# HELP Garmin Etrex 10



## Mick013 (Aug 28, 2011)

Hi,

Hoping someone can help...

Ive got a garmin etrex10 and i tried to go to a spot that i marked a few weeks ago. Problem is, i couldnt seem to get a solid direction to my spot. It would count down the meters to my destination, say 10 mtrs and then without any notice it would change to 40m to destination. i also couldnt seem to work out the correct heading to the spot.

This is the first time ive used the GPS to go to a spot so im not really sure how to read/use it when using a waypoint.

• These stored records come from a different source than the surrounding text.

lemma quadratic_map_expand:
  assumes "module sN" "quadratic_map sM sN q"
  shows "q (sM A m1 + sM B m2) = sN (A ^ 2) (q m1) + sN (A * B) (polar q m1 m2) + sN (B ^ 2) (q m2)"
proof -
  interpret N: module sN by fact
  have Q: "\<And>r m. q (sM r m) = sN (r ^ 2) (q m)"
    and P1: "\<And>r x y. polar q (sM r x) y = sN r (polar q x y)"
    and P2: "\<And>r x y. polar q x (sM r y) = sN r (polar q x y)"
    using assms(2) unfolding quadratic_map_def by auto
  have "q (sM A m1 + sM B m2) = q (sM A m1) + q (sM B m2) + polar q (sM A m1) (sM B m2)"
    by (simp add: polar_def)
  also have "polar q (sM A m1) (sM B m2) = sN (A * B) (polar q m1 m2)"
    by (simp add: P1 P2 mult.commute)
  finally show ?thesis by (simp add: Q algebra_simps)
qed

text \<open>Expand \<open>s\<^sup>n w = A m1 + B m2\<close> with \<open>quadratic_map_expand\<close>.\<close>
lemma quadratic_map_loc_value:
  assumes N: "module sN" and q: "quadratic_map sM sN q"
    and m: "loc_basis2 sM s m1 m2"
    and ea: "loc_eq sN s (sN (s ^ t) (q m1)) (sN a z)"
    and eb: "loc_eq sN s (sN (s ^ t) (polar q m1 m2)) (sN b z)"
    and ec: "loc_eq sN s (sN (s ^ t) (q m2)) (sN c z)"
  shows "\<exists>k. \<exists>e\<in>ideal.span {a, b, c}. loc_eq sN s (sN (s ^ k) (q w)) (sN e z)"
proof -
  interpret N: module sN by fact
  obtain n A B where nAB: "sM (s ^ n) w = sM A m1 + sM B m2"
    using m unfolding loc_basis2_def by blast
  have "sN (s ^ (t + 2 * n)) (q w) = sN (s ^ t) (q (sM (s ^ n) w))"
    using q unfolding quadratic_map_def by (simp add: power_add power_mult mult.commute)
  also have "\<dots> = sN (A ^ 2) (sN (s ^ t) (q m1)) + sN (A * B) (sN (s ^ t) (polar q m1 m2))
                   + sN (B ^ 2) (sN (s ^ t) (q m2))"
    unfolding nAB quadratic_map_expand[OF N q] by (simp add: N.scale_right_distrib mult.commute)
  also have "loc_eq sN s \<dots> (sN (A ^ 2) (sN a z) + sN (A * B) (sN b z) + sN (B ^ 2) (sN c z))"
    by (intro N.loc_eq_add N.loc_eq_scale ea eb ec)
  also have "sN (A ^ 2) (sN a z) + sN (A * B) (sN b z) + sN (B ^ 2) (sN c z)
      = sN (A ^ 2 * a + A * B * b + B ^ 2 * c) z"
    by (simp add: N.scale_left_distrib)
  finally have "loc_eq sN s (sN (s ^ (t + 2 * n)) (q w)) (sN (A ^ 2 * a + A * B * b + B ^ 2 * c) z)" .
  moreover have "A ^ 2 * a + A * B * b + B ^ 2 * c \<in> ideal.span {a, b, c}"
    unfolding ideal_span_three_iff by blast
  ultimately show ?thesis by blast
qed

lemma kneser_primitive_imp_linear_form_primitive:
  assumes N: "module sN" and q: "quadratic_map sM sN q" and prim: "kneser_primitive sN q"
  shows "linear_form_primitive sM sN q"
  unfolding linear_form_primitive_def
proof (intro allI impI, elim conjE)
  interpret N: module sN by fact
  fix s m1 m2 z a b c and t :: nat
  assume m: "loc_basis2 sM s m1 m2" and z: "loc_basis1 sN s z"
    and ea: "loc_eq sN s (sN (s ^ t) (q m1)) (sN a z)"
    and eb: "loc_eq sN s (sN (s ^ t) (polar q m1 m2)) (sN b z)"
    and ec: "loc_eq sN s (sN (s ^ t) (q m2)) (sN c z)"
  let ?T = "{y. \<exists>k. \<exists>e\<in>ideal.span {a, b, c}. loc_eq sN s (sN (s ^ k) y) (sN e z)}"
  have "range q \<subseteq> ?T"
    using quadratic_map_loc_value[OF N q m ea eb ec] by blast
  then have "N.span (range q) \<subseteq> ?T"
    by (rule N.span_minimal) (rule N.subspace_loc_multiples[OF ideal.subspace_span])
  then obtain k e where e: "e \<in> ideal.span {a, b, c}" and "loc_eq sN s (sN (s ^ k) z) (sN e z)"
    using prim unfolding kneser_primitive_def by blast
  then obtain n where "s ^ n * s ^ k = s ^ n * e" using N.loc_basis1_cancel[OF z] by blast
  moreover have "s ^ n * e \<in> ideal.span {a, b, c}" by (rule ideal.span_scale[OF e])
  ultimately have "s ^ (n + k) \<in> ideal.span {a, b, c}" by (simp add: power_add)
  then show "\<exists>n u v w. s ^ n = u * a + v * b + w * c"
    unfolding ideal_span_three_iff by blast
qed

lemma linear_form_primitive_loc_generator:
  assumes N: "module sN" and prim: "linear_form_primitive sM sN q"
    and m: "loc_basis2 sM w m1 m2" and z: "loc_basis1 sN w z"
  shows "\<exists>n. sN (w ^ n) z \<in> module.span sN (range q)"
proof -
  interpret N: module sN by fact
  obtain n1 a where a: "sN (w ^ n1) (q m1) = sN a z" using z unfolding loc_basis1_def by blast
  obtain n2 b where b: "sN (w ^ n2) (polar q m1 m2) = sN b z" using z unfolding loc_basis1_def by blast
  obtain n3 c where c: "sN (w ^ n3) (q m2) = sN c z" using z unfolding loc_basis1_def by blast
  define t where "t = n1 + n2 + n3" \<comment> \<open>a common exponent, as \<open>linear_form_primitive\<close> demands\<close>
  have ea: "sN (w ^ t) (q m1) = sN (w ^ (n2 + n3) * a) z"
    using arg_cong[OF a, of "sN (w ^ (n2 + n3))"] by (simp add: t_def power_add ac_simps)
  have eb: "sN (w ^ t) (polar q m1 m2) = sN (w ^ (n1 + n3) * b) z"
    using arg_cong[OF b, of "sN (w ^ (n1 + n3))"] by (simp add: t_def power_add ac_simps)
  have ec: "sN (w ^ t) (q m2) = sN (w ^ (n1 + n2) * c) z"
    using arg_cong[OF c, of "sN (w ^ (n1 + n2))"] by (simp add: t_def power_add ac_simps)
  obtain n u v x where nuvx:
    "w ^ n = u * (w ^ (n2 + n3) * a) + v * (w ^ (n1 + n3) * b) + x * (w ^ (n1 + n2) * c)"
    using prim m z ea eb ec N.loc_eq_refl unfolding linear_form_primitive_def by metis
  have "sN (w ^ n) z = sN u (sN (w ^ t) (q m1)) + sN v (sN (w ^ t) (polar q m1 m2))
                       + sN x (sN (w ^ t) (q m2))"
    unfolding ea eb ec nuvx by (simp add: algebra_simps)
  also have "\<dots> \<in> N.span (range q)"
    by (intro N.span_add N.span_scale N.span_base N.polar_mem_span) auto
  finally show ?thesis by blast
qed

does anyone have any ideas? atm the gps is pretty useless if thats the way it works.


----------



## Yak4ever (Nov 19, 2010)

Hi Mick013

I have used a Garmin etrex for abut 10 years now and never had that problem, I do find they can be a little less accurate if you are moving very slow but never as bad as you are describing. How many satellites did you have locked, some times if you have serious cloud cover you do not get good lock so you only have a lock on two or three and one can kick out and another locks in, this will render your unit unpredictable. If not heavy cloud cover I would say your unit has a fault.


----------



## Mick013 (Aug 28, 2011)

Thanks a lot guys - it helps me understand the functioning of the unit much better


----------



## Yak4ever (Nov 19, 2010)

Hi Mick013

Just think more about your story, try travelling at a constant speed and dropping a marker on the point, I found that to be much more accurate. When you stop on the spot the reading does jump around, possibly due to the error mentioned by Lapse above. I have been able to accurately mark a snag about 3 meters long every time I go to it, and of course using the Fish finder to confirm. The more you play with your electronics the better you understand them.
Good Luck


----------



## DavidA (Mar 13, 2007)

Hi,

I have had an Etrex 20 for a few months now - same chip as the 10. It is a fantastic unit but Garmin have a bit of a reputation for releasing slightly undercooked software for their newer units. 
There were some problems with earlier versions of the software on these units (10, 20 & 30) "stalling" and not recording distance to target correctly. Try updating the software via the Garmin website. It may well resolve the problem. You need to register the unit with Garmin, and download WebUpdater from them.

Go to the menu, then Setup then About (right down the bottom). It will give you the unit ID and software version. Current version is 2.80.

cheers

David


----------



## Mick013 (Aug 28, 2011)

Thanks DavidA,

The version on mine was 2.5 and according to the updater, the most current version is 2.7 which i have since installed.

Fingers crossed that helps.

Thanks again for all the coments.


----------



## Mick013 (Aug 28, 2011)

just wanted to say thanks - the software upgrade did the trick.


----------



## DavidA (Mar 13, 2007)

Good outcome. Pays to check for the software updates occasionally. There have been 4 since I got mine.

cheers

David


----------